Sur le plan national, la loi crée un Haut Conseil de la famille, de l’enfance et de l’âge, placé auprès du Premier ministre. En pratique, il absorbera le Haut Conseil de l’âge, le Haut Conseil de la famille et une instance relative à l’enfance et à la protection de l’enfance, mise en place temporairement au sein de France Stratégie. Disparaîtront aussi le Comité national des retraités et des personnes âgées (CNRPA)(6), le Comité « avancée en âge » présidé par le gériatre Jean-Pierre Aquino et le Comité national pour la bientraitance et les droits des personnes âgées et des personnes handicapées. La mission de ce nouveau Haut Conseil : animer le débat public et apporter aux pouvoirs publics une expertise prospective et transversale sur les questions liées à la famille et à l’enfance, à l’avancée en âge, à l’adaptation de la société au vieillissement et à la bientraitance, dans une approche intergénérationnelle. Là encore, un décret définira les modalités de fonctionnement et la composition de l’instance.
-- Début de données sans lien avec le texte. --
lemma box_side_mid_radius: "box_side (real_of_int (\<lfloor>r\<rfloor> + \<lceil>r\<rceil>) / 2) = box_side r"
proof -
  have half: "t \<in> box_side (real_of_int k / 2) \<longleftrightarrow> - k < 2 * t \<and> 2 * t \<le> k" for t k
  proof -
    have "t \<in> box_side (real_of_int k / 2) \<longleftrightarrow>
        real_of_int (- k) < real_of_int (2 * t) \<and> real_of_int (2 * t) \<le> real_of_int k"
      unfolding box_side_def mem_Collect_eq of_int_minus of_int_mult of_int_numeral by linarith
    then show ?thesis
      unfolding of_int_less_iff of_int_le_iff .
  qed
  have "- (a + b) < 2 * t \<and> 2 * t \<le> a + b \<longleftrightarrow> 1 - b \<le> t \<and> t \<le> a"
    if "a \<le> b" "b \<le> a + 1" for a b t :: int
    using that by (smt (z3))
  moreover have "\<lfloor>r\<rfloor> \<le> \<lceil>r\<rceil>" "\<lceil>r\<rceil> \<le> \<lfloor>r\<rfloor> + 1"
    by (simp_all add: ceiling_le_iff)
  ultimately show ?thesis
    unfolding set_eq_iff mem_box_side_iff[of _ r] half by blast
qed

lemma box_eq_box_side: "box r y = {z. \<forall>i. z$i - y$i \<in> box_side r}"
  by (simp add: box_def box_side_def)

lemma box_eq_image_PiE: "box r y = (\<lambda>f. \<chi> i. y$i + f i) ` (UNIV \<rightarrow>\<^sub>E box_side r)"
proof (rule set_eqI, rule iffI)
  fix z assume "z \<in> box r y"
  then have "(\<lambda>i. z$i - y$i) \<in> UNIV \<rightarrow>\<^sub>E box_side r"
    by (simp add: box_eq_box_side PiE_iff)
  then show "z \<in> (\<lambda>f. \<chi> i. y$i + f i) ` (UNIV \<rightarrow>\<^sub>E box_side r)"
    by (rule rev_image_eqI) (simp add: vec_eq_iff)
qed (auto simp: box_eq_box_side PiE_iff)

lemma card_box: "card (box r (y::int^'d)) = nat (\<lfloor>r\<rfloor> + \<lceil>r\<rceil>) ^ CARD('d)"
proof -
  have "inj_on (\<lambda>f. \<chi> i. y$i + f i :: int^'d) (UNIV \<rightarrow>\<^sub>E box_side r)"
    by (rule inj_onI) (simp add: vec_eq_iff fun_eq_iff)
  then show ?thesis
    by (simp add: box_eq_image_PiE card_image card_PiE card_box_side)
qed

lemma finite_box: "finite (box r (y::int^'d))"
  by (simp add: box_eq_image_PiE box_side_eq_atLeastAtMost finite_PiE)

lemma box_mono:
  assumes "r \<le> s"
  shows "box r y \<subseteq> box s y"
proof
  fix z assume z: "z \<in> box r y"
  have "- s < real_of_int (z$i - y$i) \<and> real_of_int (z$i - y$i) \<le> s" for i
  proof -
    have "- r < real_of_int (z$i - y$i) \<and> real_of_int (z$i - y$i) \<le> r"
      using z unfolding box_def by blast
    with assms show ?thesis by linarith
  qed
  then show "z \<in> box s y"
    unfolding box_def by blast
qed

lemma box_mid_radius: "box (real_of_int (\<lfloor>r\<rfloor> + \<lceil>r\<rceil>) / 2) y = box r y"
  unfolding box_eq_box_side box_side_mid_radius ..

lemma card_box_half_radius: "card (box (real m / 2) (y::int^'d)) = m ^ CARD('d)"
proof -
  have "\<lfloor>real m / 2\<rfloor> + \<lceil>real m / 2\<rceil> = int m"
  proof (cases "even m")
    case True
    then show ?thesis by (auto elim!: evenE)
  next
    case False
    then obtain q where q: "m = 2 * q + 1"
      by (blast elim: oddE)
    have "\<lfloor>real m / 2\<rfloor> = int q" "\<lceil>real m / 2\<rceil> = int q + 1"
      unfolding q by (simp_all add: floor_eq_iff ceiling_eq_iff)
    then show ?thesis
      using q by simp
  qed
  then show ?thesis
    by (simp add: card_box)
qed

definition common_nbrs :: "('v set \<Rightarrow> real) \<Rightarrow> real \<Rightarrow> 'v \<Rightarrow> 'v \<Rightarrow> 'v set \<Rightarrow> 'v set" where
  "common_nbrs w \<delta> x1 x2 S = {z \<in> S - {x1, x2}. \<delta> < w {x1, z} \<and> \<delta> < w {x2, z}}"

lemma Bdelta_eq_common_nbrs: "Bdelta w r \<delta> x1 x2 y = common_nbrs w \<delta> x1 x2 (box r y)"
  unfolding Bdelta_def common_nbrs_def by auto

lemma card_common_nbrs_eq_sum:
  assumes "finite S"
  shows "real (card (common_nbrs w \<delta> x1 x2 S)) =
    (\<Sum>z\<in>S - {x1, x2}. of_bool (\<delta> < w {x1, z} \<and> \<delta> < w {x2, z}))"
  using assms by (simp add: common_nbrs_def Int_def)

lemma (in prob_space) reverse_markov_inequality:
  fixes W :: "'a \<Rightarrow> real"
  assumes [measurable]: "W \<in> borel_measurable M"
    and bounded: "AE \<omega> in M. 0 \<le> W \<omega> \<and> W \<omega> \<le> b" and "0 \<le> a" "0 < b"
  shows "(expectation W - a) / b \<le> prob {\<omega> \<in> space M. a < W \<omega>}"
proof -
  define A where "A = {\<omega> \<in> space M. a < W \<omega>}"
  have [measurable]: "A \<in> events"
    unfolding A_def by measurable
  have "integrable M W"
    by (rule integrable_const_bound[where B = b]) (use bounded in auto)
  moreover have "integrable M (\<lambda>\<omega>. a + b * indicator A \<omega>)"
    by (intro Bochner_Integration.integrable_add integrable_mult_right integrable_real_indicator)
      (auto simp: less_top[symmetric])
  moreover have "AE \<omega> in M. W \<omega> \<le> a + b * indicator A \<omega>"
    using bounded AE_space by eventually_elim (use \<open>0 \<le> a\<close> in \<open>auto simp: A_def indicator_def\<close>)
  ultimately have "expectation W \<le> expectation (\<lambda>\<omega>. a + b * indicator A \<omega>)"
    by (rule integral_mono_AE)
  also have "\<dots> = a + b * prob A"
    by (simp add: prob_space less_top[symmetric])
  finally show ?thesis
    using \<open>0 < b\<close> by (simp add: A_def pos_divide_le_eq mult.commute)
qed

lemma (in prob_space) prob_both_gt_eq_mult:
  fixes W :: "'i \<Rightarrow> 'a \<Rightarrow> real"
  assumes ind: "indep_vars (\<lambda>_. borel) W E" and "e1 \<in> E" "e2 \<in> E" "e1 \<noteq> e2"
  shows "prob {\<omega> \<in> space M. \<delta> < W e1 \<omega> \<and> \<delta> < W e2 \<omega>} =
    prob {\<omega> \<in> space M. \<delta> < W e1 \<omega>} * prob {\<omega> \<in> space M. \<delta> < W e2 \<omega>}"
proof -
  have level_set: "W e -` {\<delta><..} \<inter> space M = {\<omega> \<in> space M. \<delta> < W e \<omega>}" for e
    by auto
  have "{\<omega> \<in> space M. \<delta> < W e1 \<omega> \<and> \<delta> < W e2 \<omega>} = (\<Inter>e\<in>{e1, e2}. W e -` {\<delta><..} \<inter> space M)"
    by auto
  also have "prob \<dots> = (\<Prod>e\<in>{e1, e2}. prob (W e -` {\<delta><..} \<inter> space M))"
    using assms by (intro indep_varsD[OF ind]) auto
  finally show ?thesis
    using \<open>e1 \<noteq> e2\<close> by (simp add: level_set)
qed

lemma (in prob_space) indep_vars_common_nbr_indicators:
  fixes W :: "'v set \<Rightarrow> 'a \<Rightarrow> real"
  assumes ind: "indep_vars (\<lambda>_. borel) W unordered_pairs" and "x1 \<noteq> x2"
  shows "indep_vars (\<lambda>_. borel)
    (\<lambda>z \<omega>. of_bool (\<delta> < W {x1, z} \<omega> \<and> \<delta> < W {x2, z} \<omega>) :: real) (S - {x1, x2})"
proof -
  define K where "K z = {{x1, z}, {x2, z}}" for z
  have "indep_vars (\<lambda>z. PiM (K z) (\<lambda>_. borel)) (\<lambda>z \<omega>. restrict (\<lambda>e. W e \<omega>) (K z)) (S - {x1, x2})"
  proof (rule indep_vars_restrict[OF ind])
    show "K z \<subseteq> unordered_pairs" if "z \<in> S - {x1, x2}" for z
      using that by (auto simp: K_def unordered_pairs_def)
    show "disjoint_family_on K (S - {x1, x2})"
      using \<open>x1 \<noteq> x2\<close> by (auto simp: disjoint_family_on_def K_def doubleton_eq_iff)
  qed
  then have "indep_vars (\<lambda>_. borel)
      (\<lambda>z \<omega>. (\<lambda>f. of_bool (\<delta> < f {x1, z} \<and> \<delta> < f {x2, z}) :: real) (restrict (\<lambda>e. W e \<omega>) (K z)))
      (S - {x1, x2})"
  proof (rule indep_vars_compose2)
    fix z
    have [measurable]: "(\<lambda>f. f {x1, z}) \<in> borel_measurable (PiM (K z) (\<lambda>_. borel))"
      "(\<lambda>f. f {x2, z}) \<in> borel_measurable (PiM (K z) (\<lambda>_. borel))"
      by (auto simp: K_def intro!: measurable_component_singleton)
    show "(\<lambda>f. of_bool (\<delta> < f {x1, z} \<and> \<delta> < f {x2, z}) :: real)
        \<in> borel_measurable (PiM (K z) (\<lambda>_. borel))"
      by measurable
  qed
  then show ?thesis
    by (rule indep_vars_cong[THEN iffD1, rotated 3]) (auto simp: K_def)
qed

lemma (in prob_space) expectation_common_nbr_indicator_ge:
  fixes W :: "'v set \<Rightarrow> 'a \<Rightarrow> real"
  assumes ind: "indep_vars (\<lambda>_. borel) W unordered_pairs"
    and heavy: "\<And>e. e \<in> unordered_pairs \<Longrightarrow> p \<le> prob {\<omega> \<in> space M. \<delta> < W e \<omega>}"
    and "0 \<le> p" "x1 \<noteq> x2" "z \<notin> {x1, x2}"
  shows "p\<^sup>2 \<le> expectation (\<lambda>\<omega>. of_bool (\<delta> < W {x1, z} \<omega> \<and> \<delta> < W {x2, z} \<omega>) :: real)"
proof -
  have pairs: "{x1, z} \<in> unordered_pairs" "{x2, z} \<in> unordered_pairs" "{x1, z} \<noteq> {x2, z}"
    using assms(4,5) by (auto simp: unordered_pairs_def doubleton_eq_iff)
  have "(\<lambda>\<omega>. of_bool (\<delta> < W {x1, z} \<omega> \<and> \<delta> < W {x2, z} \<omega>) :: real) =
      indicator {\<omega>. \<delta> < W {x1, z} \<omega> \<and> \<delta> < W {x2, z} \<omega>}"
    by (simp add: fun_eq_iff indicator_def)
  then have "expectation (\<lambda>\<omega>. of_bool (\<delta> < W {x1, z} \<omega> \<and> \<delta> < W {x2, z} \<omega>) :: real) =
      prob {\<omega> \<in> space M. \<delta> < W {x1, z} \<omega> \<and> \<delta> < W {x2, z} \<omega>}"
    by (simp add: Int_def conj_commute)
  also have "\<dots> = prob {\<omega> \<in> space M. \<delta> < W {x1, z} \<omega>} * prob {\<omega> \<in> space M. \<delta> < W {x2, z} \<omega>}"
    using pairs by (intro prob_both_gt_eq_mult[OF ind]) auto
  finally show ?thesis
    using heavy[OF pairs(1)] heavy[OF pairs(2)] \<open>0 \<le> p\<close>
    by (simp add: power2_eq_square mult_mono)
qed

definition (in prob_space) few_common_nbrs ::
    "('v set \<Rightarrow> 'a \<Rightarrow> real) \<Rightarrow> real \<Rightarrow> real \<Rightarrow> 'v \<Rightarrow> 'v \<Rightarrow> 'v set \<Rightarrow> 'a set" where
  "few_common_nbrs W \<kappa> \<delta> x1 x2 S =
    {\<omega> \<in> space M. real (card (common_nbrs (\<lambda>e. W e \<omega>) \<delta> x1 x2 S)) < \<kappa> * real (card S)}"

lemma (in prob_space) few_common_nbrs_in_events:
  fixes W :: "'v set \<Rightarrow> 'a \<Rightarrow> real"
  assumes ind: "indep_vars (\<lambda>_. borel) W unordered_pairs" and "finite S"
  shows "few_common_nbrs W \<kappa> \<delta> x1 x2 S \<in> events"
proof -
  have "(\<lambda>\<omega>. of_bool (\<delta> < W {x1, z} \<omega> \<and> \<delta> < W {x2, z} \<omega>) :: real) \<in> borel_measurable M"
    if "z \<in> S - {x1, x2}" for z
  proof -
    have "{x1, z} \<in> unordered_pairs" "{x2, z} \<in> unordered_pairs"
      using that by (auto simp: unordered_pairs_def)
    then have [measurable]: "W {x1, z} \<in> borel_measurable M" "W {x2, z} \<in> borel_measurable M"
      using ind by (auto simp: indep_vars_def2)
    show ?thesis by measurable
  qed
  then have "(\<lambda>\<omega>. real (card (common_nbrs (\<lambda>e. W e \<omega>) \<delta> x1 x2 S))) \<in> borel_measurable M"
    unfolding card_common_nbrs_eq_sum[OF \<open>finite S\<close>] by (rule borel_measurable_sum)
  then show ?thesis
    unfolding few_common_nbrs_def by measurable
qed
Sur le plan local, la loi instaure des conseils départementaux de la citoyenneté et de l’autonomie – qui se substitueront aux comités départementaux des retraités et des personnes âgées (Coderpa) et aux conseils départementaux consultatifs des personnes handicapées (CDCPH) – qui devront assurer la participation des personnes âgées et des personnes handicapées à l’élaboration et à la mise en œuvre des politiques de l’autonomie dans le département. Ils donneront notamment leur avis sur la constitution des maisons départementales de l’autonomie – qui seront généralisées en 2016 dans les conditions définies par la loi –, sur le schéma régional de santé ainsi que sur la programmation annuelle ou pluriannuelle des moyens alloués par l’ARS, le département et les régimes de base d’assurance vieillesse à la politique départementale de l’autonomie. C’est le président du conseil départemental qui assurera la présidence du conseil départemental de la citoyenneté et de l’autonomie, dont la composition et le fonctionnement sont précisés par la loi.
(2) La section V de la CNSA est consacrée au soutien aux études, à la recherche et aux actions innovantes.
(3) L’activité est exercée en mode prestataire lorsque le bénéficiaire n’est pas employeur, mais simple usager d’un service délivré par une personne salariée d’une association ou d’une entreprise.
(4) La tarification administrée est définie dans le cadre d’une négociation budgétaire annuelle entre le conseil départemental et la structure. Cette procédure tarifaire conduit ainsi à la fixation d’un tarif horaire distinct selon le degré de qualification des intervenants.
(5) Le prix est librement fixé lors de la signature du contrat avec le bénéficiaire du service, puis peut augmenter dans la limite d’un pourcentage fixé par arrêté.
(6) Dans l’attente de l’installation de ce Haut Conseil, un décret du 9 décembre 2015 prévoit le maintien du CNRPA jusqu’au 30 juin 2016 (décret n° 2015-1624 du 9 décembre 2015, J.O. du 11-12-15).